With everything in place, try `startx` and check /var/log/Xorg.0.log for any potential problems.


----------



## llpPc (Apr 23, 2020)

Wow thank you very much!  I will set everything up with these settings and give it a go then report back.


----------



## llpPc (Apr 23, 2020)

I did a fresh reinstall to orient myself and go step by step.  I did a pkg search for Nvidia drivers.  Should I pick the latest Linux version "linux-nvidia-libs-440.64" or should I install the nvidia-driver-440.64?


----------



## mickey (Apr 23, 2020)

llpPc said:


> I did a fresh reinstall to orient myself and go step by step.  I did a pkg search for Nvidia drivers.  Should I pick the latest Linux version "linux-nvidia-libs-440.64" or should I install the nvidia-driver-440.64?


You did not mention what model of nvidia graphics you are using. Latest driver version is 440.82 available in ports or latest packages. Quarterly packages will probably be somewhat behind that version.

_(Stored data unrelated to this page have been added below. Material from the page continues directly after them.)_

(* Let $p,q\gg n^{-1}$. Let $G$ be an $n$-vertex $q$-cut-dense graph and let $S$ be a $p$-random subset of $V(G)$. Then with high probability $G[S]$ is $p^{20q^{-3}}q^3/400$-cut-dense.
   Context: A graph $G$ is $q$-cut-dense if for every partition $V(G)=A\cup B$ into disjoint sets, the number of edges between $A$ and $B$ is at least $q|A||B|$. A $p$-random subset contains each vertex independently with probability $p$. $G[S]$ is the induced subgraph on $S$. "$p,q\gg n^{-1}$" means $n$ is sufficiently large in terms of $p,q$; "with high probability" means with probability tending to $1$ as $n\to\infty$ (for fixed $p,q$). *)

theory Defs
  imports Complex_Main
begin

definition simple_graph :: "'a set \<Rightarrow> ('a \<Rightarrow> 'a \<Rightarrow> bool) \<Rightarrow> bool" where
  "simple_graph V E \<longleftrightarrow> (\<forall>x\<in>V. \<forall>y\<in>V. E x y = E y x) \<and> (\<forall>x\<in>V. \<not> E x x)"

definition e_between :: "('a \<Rightarrow> 'a \<Rightarrow> bool) \<Rightarrow> 'a set \<Rightarrow> 'a set \<Rightarrow> nat" where
  "e_between E A B = card {(a, b). a \<in> A \<and> b \<in> B \<and> E a b}"

text \<open>Applied to a subset S of the vertex set,
  this expresses that the induced subgraph G[S] is q-cut-dense.\<close>
definition cut_dense :: "'a set \<Rightarrow> ('a \<Rightarrow> 'a \<Rightarrow> bool) \<Rightarrow> real \<Rightarrow> bool" where
  "cut_dense V E q \<longleftrightarrow>
     (\<forall>A B. A \<union> B = V \<and> A \<inter> B = {} \<longrightarrow>
        real (e_between E A B) \<ge> q * real (card A) * real (card B))"

text \<open>Probability that a p-random subset S of the finite set V (each vertex included
  independently with probability p) satisfies the property P.\<close>
definition random_subset_prob :: "'a set \<Rightarrow> real \<Rightarrow> ('a set \<Rightarrow> bool) \<Rightarrow> real" where
  "random_subset_prob V p P =
     (\<Sum>S\<in>Pow V. if P S then p ^ card S * (1 - p) ^ (card V - card S) else 0)"

end

theory Submission
  imports Defs
begin

text \<open>
  With high probability the random set \<open>S\<close> is representative for a fixed family of test sets
  \<open>T \<subseteq> V\<close>, i.e. \<open>|S \<inter> T| \<ge> p |T| - \<delta> n\<close>: by a Chernoff bound and a union bound this only
  needs the family to have size polynomial in \<open>n\<close>. Representativeness alone makes \<open>G[S]\<close>
  \<open>p\<^sup>2 q / 400\<close>-cut-dense, which is stronger than the claim. Vertices keep degree \<open>\<ge> p q n / 2\<close>
  into \<open>S\<close>, which settles partitions \<open>(A, B)\<close> of \<open>S\<close> with a small side. If both sides are large
  and the cut is sparse, the majority vote of a suitable labelled sample of \<open>k = O(1/\<delta>)\<close>
  vertices of \<open>S\<close> (Chebyshev) extends \<open>(A, B)\<close> to a partition \<open>(X, V - X)\<close> of \<open>V\<close> that puts
  almost all vertices of \<open>A\<close> and \<open>B\<close> with a clear majority on their own side. The cut
  \<open>(X, V - X)\<close> has at least \<open>q |X| |V - X|\<close> edges, representativeness for its neighbourhoods and
  degree level sets transfers a \<open>p\<^sup>2\<close> fraction of them into \<open>S\<close>, and all but few of these run
  between \<open>A\<close> and \<open>B\<close>, a contradiction. The vote depends only on the labelled sample, so
  \<open>n\<^bsup>O(1/\<delta>)\<^esup>\<close> test sets suffice.
\<close>

section \<open>Random subsets\<close>

definition subset_weight :: "'a set \<Rightarrow> real \<Rightarrow> 'a set \<Rightarrow> real" where
  "subset_weight V p S = p ^ card S * (1 - p) ^ (card V - card S)"

lemma random_subset_prob_altdef:
  "random_subset_prob V p P = (\<Sum>S\<in>Pow V. if P S then subset_weight V p S else 0)"
  unfolding random_subset_prob_def subset_weight_def ..

lemma subset_weight_nonneg: "0 \<le> p \<Longrightarrow> p \<le> 1 \<Longrightarrow> 0 \<le> subset_weight V p S"
  by (simp add: subset_weight_def)

lemma sum_subset_weight_power:
  fixes p x :: real
  assumes "finite V" "T \<subseteq> V"
  shows "(\<Sum>S\<in>Pow V. subset_weight V p S * x ^ card (S \<inter> T)) = (1 - p + p * x) ^ card T"
proof -
  define f where "f i = p * (if i \<in> T then x else 1)" for i
  have "(\<Sum>S\<in>Pow V. subset_weight V p S * x ^ card (S \<inter> T))
      = (\<Sum>S\<in>Pow V. (\<Prod>i\<in>S. f i) * (\<Prod>i\<in>V - S. 1 - p))"
  proof (rule sum.cong[OF refl])
    fix S assume S: "S \<in> Pow V"
    then have "finite S" using assms(1) finite_subset by auto
    then have "(\<Prod>i\<in>S. f i) = p ^ card S * x ^ card (S \<inter> T)"
      by (simp add: f_def prod.distrib prod.If_cases Int_commute)
    moreover have "(\<Prod>i\<in>V - S. 1 - p) = (1 - p) ^ (card V - card S)"
      using S assms(1) by (simp add: card_Diff_subset finite_subset)
    ultimately show "subset_weight V p S * x ^ card (S \<inter> T) = (\<Prod>i\<in>S. f i) * (\<Prod>i\<in>V - S. 1 - p)"
      by (simp add: subset_weight_def)
  qed
  also have "\<dots> = (\<Prod>i\<in>V. f i + (1 - p))"
    by (rule prod_add[OF assms(1), symmetric])
  also have "\<dots> = (\<Prod>i\<in>V. if i \<in> T then 1 - p + p * x else 1)"
    by (rule prod.cong) (auto simp: f_def)
  also have "\<dots> = (1 - p + p * x) ^ card T"
    using assms by (simp add: prod.If_cases Int_absorb1)
  finally show ?thesis .
qed

lemma sum_subset_weight: "finite V \<Longrightarrow> (\<Sum>S\<in>Pow V. subset_weight V p S) = 1"
  using sum_subset_weight_power[of V "{}" p 1] by simp

lemma random_subset_prob_mono:
  assumes "0 \<le> p" "p \<le> 1" "\<And>S. S \<subseteq> V \<Longrightarrow> P S \<Longrightarrow> Q S"
  shows "random_subset_prob V p P \<le> random_subset_prob V p Q"
  unfolding random_subset_prob_altdef
  by (rule sum_mono) (use assms subset_weight_nonneg in auto)

lemma random_subset_prob_union_bound:
  assumes "finite V" "finite F" "0 \<le> p" "p \<le> 1"
    and "\<And>S. S \<subseteq> V \<Longrightarrow> \<forall>T\<in>F. \<not> Bad T S \<Longrightarrow> P S"
  shows "1 - (\<Sum>T\<in>F. random_subset_prob V p (Bad T)) \<le> random_subset_prob V p P"
proof -
  have "1 - random_subset_prob V p P = (\<Sum>S\<in>Pow V. if P S then 0 else subset_weight V p S)"
    unfolding random_subset_prob_altdef sum_subset_weight[OF assms(1), symmetric, of p]
    by (subst sum_subtractf[symmetric]) (rule sum.cong, auto)
  also have "\<dots> \<le> (\<Sum>S\<in>Pow V. \<Sum>T\<in>F. if Bad T S then subset_weight V p S else 0)"
  proof (rule sum_mono)
    fix S assume S: "S \<in> Pow V"
    have w: "0 \<le> subset_weight V p S" using assms(3,4) by (rule subset_weight_nonneg)
    show "(if P S then 0 else subset_weight V p S) \<le> (\<Sum>T\<in>F. if Bad T S then subset_weight V p S else 0)"
    proof (cases "P S")
      case False
      then obtain T where "T \<in> F" "Bad T S" using assms(5) S by auto
      then have "(if Bad T S then subset_weight V p S else 0)
          \<le> (\<Sum>T\<in>F. if Bad T S then subset_weight V p S else 0)"
        using w assms(2) by (intro member_le_sum) auto
      with False \<open>Bad T S\<close> show ?thesis by simp
    qed (use w in \<open>auto intro: sum_nonneg\<close>)
  qed
  also have "\<dots> = (\<Sum>T\<in>F. random_subset_prob V p (Bad T))"
    unfolding random_subset_prob_altdef by (rule sum.swap)
  finally show ?thesis by linarith
qed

You can check https://www.nvidia.com/Download/driverResults.aspx/159361/en-us for models supported by 440.82. If your hardware is supported, all you should need is x11/nvidia-driver.


----------



## llpPc (Apr 23, 2020)

I am using a GeForce gtx Nvidia 1070.  Yes I know the latest drivers are 440.82 but during a pkg search the latest is 440.64. I don't mind pkgs being a little behind the latest and greatest.  For the type of gaming I do I don't need to be on the latest drivers, but if from your experience you feel it is better I install the latest from ports I will do that.


----------



## llpPc (Apr 24, 2020)

thank you thank you thank you to everyone that helped me!!  I was able to initiate startx and boot into a desktop environment.  Shout out to robonuggie who does YouTube videos on everything FreeBSD. He said the FreeBSD community was extremely welcoming and friendly.  You guys did not disappoint!!  So grateful


----------